蛍光色素が光を吸収すると、その電子が励起され、基底状態（図8AのS₀）から電子励起一重項状態（S₂, excited electronic singlet state）①と呼ばれる最大エネルギーレベルに遷移します。 この遷移に必要なエネルギーの量は、蛍光色素ごとに異なります。 この励起状態の寿命は蛍光色素に依存し、通常1～10ナノ秒持続します。 次いで、蛍光色素は構造変化を起こし、電子が電子緩和一重項状態（S₁, electronic singlet state）と呼ばれる、より安定なエネルギーレベルに低下し、吸収したエネルギーの一部は熱として放出されます②。 その後、電子は残りのエネルギー（E_Emission）を蛍光③として放出して、基底状態（S₀）に戻ります。 このサイクルは蛍光色素の分子一つ当たり数千回繰り返すことが可能あり、結果としてシグナルを増幅することができます。また、励起極大と蛍光極大の波長の差はストークスシフトと呼ばれます（図8B）。

図8.ストークスシフト(Stokes shift)
A：励起時に、蛍光色素中の電子は基底状態S₀から励起された電子励起一重項状態S₂に移行①します。 その後、いくらかのエネルギーは熱として放出されます②。残りのエネルギーは蛍光として放出され③、電子が基底状態S₀に戻ります。
B：励起波長の極大Ⓐとの蛍光波長の極大Ⓒとの間の差Ⓑ は、蛍光色素のストークスシフトと呼ばれます。

蛍光は、励起光よりも低いエネルギーを持ちます。 したがって、どのような蛍光色素であってもその蛍光波長は、励起波長よりも長波長となり、そのため異なる色となります。これらの波長によって蛍光測定における蛍光色素の有用性が決まります。蛍光測定では蛍光に対する励起光の漏れ込みをできるだけ抑制する必要がありますが、ストークスシフトの大きな蛍光色素ほど漏れ込みを抑制しやすくなります。

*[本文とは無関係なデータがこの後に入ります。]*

(* Let $\mathcal G$ be a Hilbert space of arbitrary (finite or infinite) dimension, let $A,B$ be bounded everywhere defined linear operators in $\mathcal G$ such that the linear relation $\Lambda=\{(f,f')\in\mathcal G\oplus\mathcal G:\ Af=Bf'\}$ is closed, and let $R$ be a bounded operator in $\mathcal G$. Then $(\Lambda-R)^{-1}$ is (the graph of) a bounded everywhere defined operator in $\mathcal G$ if and only if $\ker(A-BR)=\{0\}$ and $\operatorname{Ran}B\subset\operatorname{Ran}(A-BR)$.
   Context: A linear relation in $\mathcal G$ is a linear subspace of $\mathcal G\oplus\mathcal G$. For a relation $\Lambda$ and an operator $R$, $\Lambda-R=\{(f,f'-Rf):\ (f,f')\in\Lambda\}$, and the inverse relation of a relation $\Theta$ is $\Theta^{-1}=\{(g,f):(f,g)\in\Theta\}$. *)

theory Defs
  imports "HOL-Analysis.Analysis"
begin

definition rel_minus_op :: "('a \<times> 'a::real_vector) set \<Rightarrow> ('a \<Rightarrow> 'a) \<Rightarrow> ('a \<times> 'a) set" where
  "rel_minus_op \<Lambda> R = {(f, f' - R f) | f f'. (f, f') \<in> \<Lambda>}"

definition rel_inverse :: "('a \<times> 'a) set \<Rightarrow> ('a \<times> 'a) set" where
  "rel_inverse \<Theta> = {(g, f). (f, g) \<in> \<Theta>}"

definition op_graph :: "('a \<Rightarrow> 'a) \<Rightarrow> ('a \<times> 'a) set" where
  "op_graph T = {(g, T g) | g. True}"

end

theory Submission
  imports Defs
begin

(* The relation (Lambda - R)^-1 consists of the pairs (g, f) with (A - B R) f = B g. It is the graph
   of an everywhere defined operator exactly when A - B R is injective and every B g lies in its
   range; that operator is then linear with a closed graph, hence bounded by the closed graph theorem.
   The latter follows from the Baire category theorem: some closed sublevel set of norm (T x) has
   interior, so every x is approximated up to norm x / 2 by a y with norm (T y) <= M * norm x, and
   iterating the approximation writes x as a series along which T is controlled. *)

lemma summable_norm_cancel_complete:
  fixes f :: "nat \<Rightarrow> 'a::{real_normed_vector,complete_space}"
  assumes "summable (\<lambda>n. norm (f n))"
  shows "summable f"
proof (rule summable_bounded_partials)
  let ?tail = "\<lambda>a. (\<Sum>n. norm (f n)) - (\<Sum>n\<le>a. norm (f n))"
  show "?tail \<longlonglongrightarrow> 0"
    using tendsto_diff[OF tendsto_const[of "\<Sum>n. norm (f n)"] summable_LIMSEQ'[OF assms]] by simp
  show "\<forall>\<^sub>F a0 in sequentially. \<forall>a\<ge>a0. \<forall>b>a. norm (sum f {a<..b}) \<le> ?tail a"
  proof (intro always_eventually allI impI)
    fix a b :: nat
    assume "a < b"
    have "norm (sum f {a<..b}) \<le> (\<Sum>n\<in>{a<..b}. norm (f n))"
      by (rule norm_sum)
    also have "\<dots> = (\<Sum>n\<in>{..b} - {..a}. norm (f n))"
      by (rule sum.cong) auto
    also have "\<dots> = (\<Sum>n\<le>b. norm (f n)) - (\<Sum>n\<le>a. norm (f n))"
      using \<open>a < b\<close> by (intro sum_diff) auto
    also have "\<dots> \<le> ?tail a"
      using sum_le_suminf[OF assms, of "{..b}"] by simp
    finally show "norm (sum f {a<..b}) \<le> ?tail a" .
  qed
qed

lemma ex_sublevel_closure_interior_nonempty:
  fixes \<phi> :: "'a::complete_space \<Rightarrow> real"
  shows "\<exists>n::nat. interior (closure {x. \<phi> x \<le> n}) \<noteq> {}"
proof (rule ccontr)
  let ?S = "\<lambda>n::nat. closure {x. \<phi> x \<le> n}"
  assume "\<nexists>n. interior (?S n) \<noteq> {}"
  then have "euclidean interior_of \<Union>(range ?S) = {}"
    by (intro Baire_category_alt)
      (auto simp: completely_metrizable_space_euclidean euclidean_interior_of)
  moreover have "x \<in> ?S (nat \<lceil>\<phi> x\<rceil>)" for x
    by (intro closure_subset[THEN subsetD]) (simp add: real_nat_ceiling_ge)
  then have "\<Union>(range ?S) = UNIV"
    by blast
  ultimately show False
    by (simp add: euclidean_interior_of)
qed

lemma linear_sublevel_closure_half_approximation:
  fixes T :: "'a::real_normed_vector \<Rightarrow> 'b::real_normed_vector"
  assumes lin: "linear T" and int: "interior (closure {x. norm (T x) \<le> c}) \<noteq> {}"
  obtains M where "M \<ge> 0" "\<And>x. \<exists>y. norm (T y) \<le> M * norm x \<and> norm (x - y) \<le> norm x / 2"
proof -
  let ?S = "closure {x. norm (T x) \<le> c}"
  obtain x0 r where "r > 0" and ball: "ball x0 r \<subseteq> ?S"
    using int mem_interior by blast
  then have "{x. norm (T x) \<le> c} \<noteq> {}"
    using centre_in_ball by fastforce
  then have "c \<ge> 0"
    using norm_ge_zero order_trans by blast
  have near: "\<exists>w. norm (T w) \<le> 2 * c \<and> norm (z - w) < r / 4" if "norm z < r" for z
  proof -
    have "x0 + z \<in> ?S" "x0 \<in> ?S"
      using ball \<open>r > 0\<close> that by (auto simp: dist_norm)
    moreover have "r / 8 > 0"
      using \<open>r > 0\<close> by simp
    ultimately obtain a b where a: "norm (T a) \<le> c" "dist a (x0 + z) < r / 8"
      and b: "norm (T b) \<le> c" "dist b x0 < r / 8"
      unfolding closure_approachable by (metis mem_Collect_eq)
    have Tab: "norm (T (a - b)) \<le> 2 * c"
      using a b norm_triangle_ineq4[of "T a" "T b"] by (simp add: linear_diff[OF lin])
    have "norm (z - (a - b)) = norm ((x0 + z - a) - (x0 - b))"
      by (rule arg_cong[where f = norm]) (simp add: algebra_simps)
    also have "\<dots> \<le> norm (x0 + z - a) + norm (x0 - b)"
      by (rule norm_triangle_ineq4)
    also have "\<dots> < r / 4"
      using a b by (simp add: dist_norm norm_minus_commute)
    finally show ?thesis
      using Tab by blast
  qed
  have "\<exists>y. norm (T y) \<le> 4 * c / r * norm x \<and> norm (x - y) \<le> norm x / 2" for x
  proof (cases "x = 0")
    case True
    then show ?thesis
      by (intro exI[of _ 0]) (simp add: linear_0[OF lin])
  next
    case False
    define k where "k = r / (2 * norm x)"
    have "k > 0"
      using False \<open>r > 0\<close> by (simp add: k_def)
    have "norm (k *\<^sub>R x) < r"
      using False \<open>r > 0\<close> by (simp add: k_def)
    then obtain w where w: "norm (T w) \<le> 2 * c" "norm (k *\<^sub>R x - w) < r / 4"
      using near by blast
    have "norm (T (w /\<^sub>R k)) = norm (T w) / k"
      using \<open>k > 0\<close> by (simp add: linear_scale[OF lin] divide_inverse_commute)
    also have "\<dots> \<le> 2 * c / k"
      using w \<open>k > 0\<close> by (simp add: divide_right_mono)
    also have "\<dots> = 4 * c / r * norm x"
      using False \<open>r > 0\<close> by (simp add: k_def field_simps)
    finally have "norm (T (w /\<^sub>R k)) \<le> 4 * c / r * norm x" .
    have "x - w /\<^sub>R k = (k *\<^sub>R x - w) /\<^sub>R k"
      using \<open>k > 0\<close> by (simp add: algebra_simps)
    then have "norm (x - w /\<^sub>R k) = norm (k *\<^sub>R x - w) / k"
      using \<open>k > 0\<close> by (simp add: divide_inverse_commute)
    also have "\<dots> < r / 4 / k"
      using w(2) \<open>k > 0\<close> by (intro divide_strict_right_mono)
    also have "\<dots> = norm x / 2"
      using False \<open>r > 0\<close> by (simp add: k_def)
    finally show ?thesis
      using \<open>norm (T (w /\<^sub>R k)) \<le> 4 * c / r * norm x\<close> by (intro exI[of _ "w /\<^sub>R k"]) simp
  qed
  moreover have "4 * c / r \<ge> 0"
    using \<open>c \<ge> 0\<close> \<open>r > 0\<close> by simp
  ultimately show ?thesis
    using that by blast
qed

lemma bounded_linear_half_approximation_closed_graph:
  fixes T :: "'a::real_normed_vector \<Rightarrow> 'b::{real_normed_vector,complete_space}"
  assumes lin: "linear T" and graph: "closed (range (\<lambda>x. (x, T x)))" and "M \<ge> 0"
    and approx: "\<And>x. \<exists>y. norm (T y) \<le> M * norm x \<and> norm (x - y) \<le> norm x / 2"
  shows "bounded_linear T"
proof -
  obtain Y where Y: "\<And>x. norm (T (Y x)) \<le> M * norm x" "\<And>x. norm (x - Y x) \<le> norm x / 2"
    using approx by metis
  have "norm (T x) \<le> norm x * (2 * M)" for x
  proof -
    define xs where "xs k = ((\<lambda>v. v - Y v) ^^ k) x" for k
    define y where "y k = Y (xs k)" for k
    have xs_bound: "norm (xs k) \<le> norm x * (1/2) ^ k" for k
    proof (induction k)
      case (Suc k)
      have "norm (xs (Suc k)) \<le> norm (xs k) / 2"
        using Y(2) by (simp add: xs_def)
      with Suc show ?case
        by simp
    qed (simp add: xs_def)
    have Ty_bound: "norm (T (y k)) \<le> M * norm x * (1/2) ^ k" for k
      using Y(1)[of "xs k"] mult_left_mono[OF xs_bound[of k] \<open>M \<ge> 0\<close>]
      by (simp add: y_def mult.assoc)
    have telescope: "(\<Sum>k<N. y k) = x - xs N" for N
      by (induction N) (simp_all add: xs_def y_def)
    have "xs \<longlonglongrightarrow> 0"
      by (rule Lim_null_comparison[OF always_eventually[OF allI[OF xs_bound]]])
        (intro tendsto_mult_right_zero LIMSEQ_realpow_zero; simp)
    have sum_y: "(\<lambda>N. \<Sum>k<N. y k) \<longlonglongrightarrow> x"
      using tendsto_diff[OF tendsto_const[of x] \<open>xs \<longlonglongrightarrow> 0\<close>] by (simp add: telescope)
    have geom: "(\<lambda>k. M * norm x * (1/2) ^ k) sums (M * norm x * 2)"
      using sums_mult[OF geometric_sums[of "1/2::real"]] by simp
    have "summable (\<lambda>k. T (y k))"
      by (rule summable_norm_cancel_complete, rule summable_comparison_test[OF _ sums_summable[OF geom]])
        (use Ty_bound in simp)
    then have sum_Ty: "(\<lambda>N. T (\<Sum>k<N. y k)) \<longlonglongrightarrow> (\<Sum>k. T (y k))"
      by (simp add: summable_LIMSEQ linear_sum[OF lin])
    have "(x, \<Sum>k. T (y k)) \<in> range (\<lambda>x. (x, T x))"
      by (rule closed_sequentially[OF graph _ tendsto_Pair[OF sum_y sum_Ty]]) simp
    then have "T x = (\<Sum>k. T (y k))"
      by auto
    moreover have "norm (\<Sum>k. T (y k)) \<le> M * norm x * 2"
    proof (rule LIMSEQ_le_const2[OF tendsto_norm[OF summable_LIMSEQ[OF \<open>summable (\<lambda>k. T (y k))\<close>]]])
      show "\<exists>N. \<forall>n\<ge>N. norm (\<Sum>k<n. T (y k)) \<le> M * norm x * 2"
      proof (intro exI allI impI)
        fix n :: nat
        have "norm (\<Sum>k<n. T (y k)) \<le> (\<Sum>k<n. norm (T (y k)))"
          by (rule norm_sum)
        also have "\<dots> \<le> (\<Sum>k<n. M * norm x * (1/2) ^ k)"
          by (intro sum_mono Ty_bound)
        also have "\<dots> \<le> M * norm x * 2"
          using sum_le_suminf[OF sums_summable[OF geom], of "{..<n}"] sums_unique[OF geom]
            \<open>M \<ge> 0\<close> by simp
        finally show "norm (\<Sum>k<n. T (y k)) \<le> M * norm x * 2" .
      qed
    qed
    ultimately show ?thesis
      by (simp add: algebra_simps)
  qed
  then show ?thesis
    using lin by (auto simp: bounded_linear_def bounded_linear_axioms_def)
qed

theorem closed_graph_imp_bounded_linear:
  fixes T :: "'a::{real_normed_vector,complete_space} \<Rightarrow> 'b::{real_normed_vector,complete_space}"
  assumes "linear T" and "closed (range (\<lambda>x. (x, T x)))"
  shows "bounded_linear T"
proof -
  obtain n :: nat where "interior (closure {x. norm (T x) \<le> n}) \<noteq> {}"
    using ex_sublevel_closure_interior_nonempty[of "\<lambda>x. norm (T x)"] by blast
  then obtain M where "M \<ge> 0" "\<And>x. \<exists>y. norm (T y) \<le> M * norm x \<and> norm (x - y) \<le> norm x / 2"
    using linear_sublevel_closure_half_approximation[OF \<open>linear T\<close>] by blast
  then show ?thesis
    using bounded_linear_half_approximation_closed_graph[OF assms] by blast
qed

lemma rel_inverse_rel_minus_op_eq:
  assumes "linear B"
  shows "rel_inverse (rel_minus_op {(f, f'). A f = B f'} R) = {(g, f). A f - B (R f) = B g}"
proof -
  have "(f, g) \<in> rel_minus_op {(f, f'). A f = B f'} R \<longleftrightarrow> A f - B (R f) = B g" for f g
  proof
    assume "(f, g) \<in> rel_minus_op {(f, f'). A f = B f'} R"
    then obtain f' where "g = f' - R f" "A f = B f'"
      unfolding rel_minus_op_def by auto
    then show "A f - B (R f) = B g"
      by (simp add: linear_diff[OF assms])
  next
    assume "A f - B (R f) = B g"
    then have "A f = B (g + R f)"
      by (simp add: linear_add[OF assms] algebra_simps)
    then show "(f, g) \<in> rel_minus_op {(f, f'). A f = B f'} R"
      unfolding rel_minus_op_def by force
  qed
  then show ?thesis
    unfolding rel_inverse_def by auto
qed

lemma op_graph_eq_solution_relation_iff:
  fixes B C :: "'a::{real_normed_vector,complete_space} \<Rightarrow> 'a"
  assumes B: "bounded_linear B" and C: "bounded_linear C"
  shows "(\<exists>T. bounded_linear T \<and> {(g, f). C f = B g} = op_graph T) \<longleftrightarrow>
    inj C \<and> range B \<subseteq> range C"
proof
  assume "\<exists>T. bounded_linear T \<and> {(g, f). C f = B g} = op_graph T"
  then obtain T where "bounded_linear T" and graph: "{(g, f). C f = B g} = op_graph T"
    by blast
  have solves: "C f = B g \<longleftrightarrow> f = T g" for f g
    using graph unfolding op_graph_def by blast
  have "C x = 0 \<Longrightarrow> x = 0" for x
    using solves[of x 0] linear_0[OF bounded_linear.linear[OF B]]
      linear_0[OF bounded_linear.linear[OF \<open>bounded_linear T\<close>]] by simp
  then have "inj C"
    by (simp add: linear_inj_iff_eq_0[OF bounded_linear.linear[OF C]])
  moreover have "range B \<subseteq> range C"
  proof (rule image_subsetI)
    show "B g \<in> range C" for g
      using solves[of "T g" g] by (metis rangeI)
  qed
  ultimately show "inj C \<and> range B \<subseteq> range C" ..
next
  assume "inj C \<and> range B \<subseteq> range C"
  then have "inj C" and ran: "range B \<subseteq> range C"
    by blast+
  interpret B: bounded_linear B by fact
  interpret C: bounded_linear C by fact
  define T where "T = inv C \<circ> B"
  have CT: "C (T g) = B g" for g
    using ran f_inv_into_f[of "B g" C UNIV] by (auto simp: T_def)
  have solves: "C f = B g \<longleftrightarrow> f = T g" for f g
    using CT injD[OF \<open>inj C\<close>] by metis
  have "linear T"
  proof
    show "T (x + y) = T x + T y" for x y
      by (rule injD[OF \<open>inj C\<close>]) (simp add: B.add C.add CT)
    show "T (r *\<^sub>R x) = r *\<^sub>R T x" for r x
      by (rule injD[OF \<open>inj C\<close>]) (simp add: B.scale C.scale CT)
  qed
  have graph: "range (\<lambda>g. (g, T g)) = {(g, f). C f = B g}"
    using solves by auto
  have "closed {p. C (snd p) = B (fst p)}"
    by (intro closed_Collect_eq continuous_on_compose2[OF C.continuous_on[OF continuous_on_id]]
        continuous_on_compose2[OF B.continuous_on[OF continuous_on_id]] continuous_intros) auto
  then have "closed (range (\<lambda>g. (g, T g)))"
    unfolding graph by (simp add: case_prod_beta')
  then have "bounded_linear T"
    by (rule closed_graph_imp_bounded_linear[OF \<open>linear T\<close>])
  moreover have "{(g, f). C f = B g} = op_graph T"
    unfolding op_graph_def graph[symmetric] by auto
  ultimately show "\<exists>T. bounded_linear T \<and> {(g, f). C f = B g} = op_graph T"
    by blast
qed

theorem lemmaA1:
  fixes A B R :: "'a::{real_inner, complete_space} \<Rightarrow> 'a"
  assumes "bounded_linear A" and "bounded_linear B" and "bounded_linear R"
    and "closed {(f, f'). A f = B f'}"
  shows "(\<exists>T. bounded_linear T \<and>
            rel_inverse (rel_minus_op {(f, f'). A f = B f'} R) = op_graph T)
         \<longleftrightarrow> ({x. A x - B (R x) = 0} = {0} \<and> range B \<subseteq> range (\<lambda>x. A x - B (R x)))"
proof -
  let ?C = "\<lambda>x. A x - B (R x)"
  have C: "bounded_linear ?C"
    by (rule bounded_linear_sub[OF assms(1) bounded_linear_compose[OF assms(2,3)]])
  have "{x. ?C x = 0} = {0} \<longleftrightarrow> inj ?C"
    using linear_inj_iff_eq_0[OF bounded_linear.linear[OF C]] linear_0[OF bounded_linear.linear[OF C]]
    by auto
  then show ?thesis
    using op_graph_eq_solution_relation_iff[OF assms(2) C]
      rel_inverse_rel_minus_op_eq[OF bounded_linear.linear[OF assms(2)], of A R]
    by simp
qed

end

励起光の波長は、とても重要です。 例えば、フルオレセインイソチオシアネート（FITC）は、400～530nmの光を吸収しますが、最も効率的に吸収するのは波長のピークまたは最大吸収である490nmです。 より多くの光子が吸収されるほど、蛍光がより強くなるので、吸収の最大値で蛍光色素を励起することが望まれます。 最大の吸収および蛍光の波長は、極大吸収波長(maximal absorbance wavelengths)および極大蛍光波長(maximal emission wavelengths)と呼ばれます。

図9.スペクトルプロファイル(Spectral profiles)
フルオレセインイソチオシアネート（FITC）の励起および蛍光スペクトル

蛍光色素の最大吸光波長により、どのレーザー光源を励起に使用するのが最適であるかを判断します。 FITCの場合、その最大吸光度は青色スペクトル内にあります。それのため、一般的にFITCの励起には490nmのFITCの吸光度ピークに近い青色の488nmレーザーが使用されます。 FITCは475～650nmの蛍光を発し、緑色スペクトル内の525nmにピークがあります。 どのようにフローサイトメーターをセットアップするかによって、蛍光色素がどのように検出されるかが決まります。 フィルターを使用してチャネルA（図9）を介して、極大蛍光波長以外の光をすべてブロックした場合、FITCは緑色に見えます。

機器の設定で見え方が決まる(Setup determines perception)

FITC蛍光がチャネルB（図9）でだけ検出された場合、強度がはるかに弱いオレンジ色として観察されます。 このように、発せられた光をどのように測定するかにより、蛍光色素がどのような色として観察されるかが最終的に決まります。 励起光と蛍光の色は異なるので、光学フィルターを使用して色を分離することができます。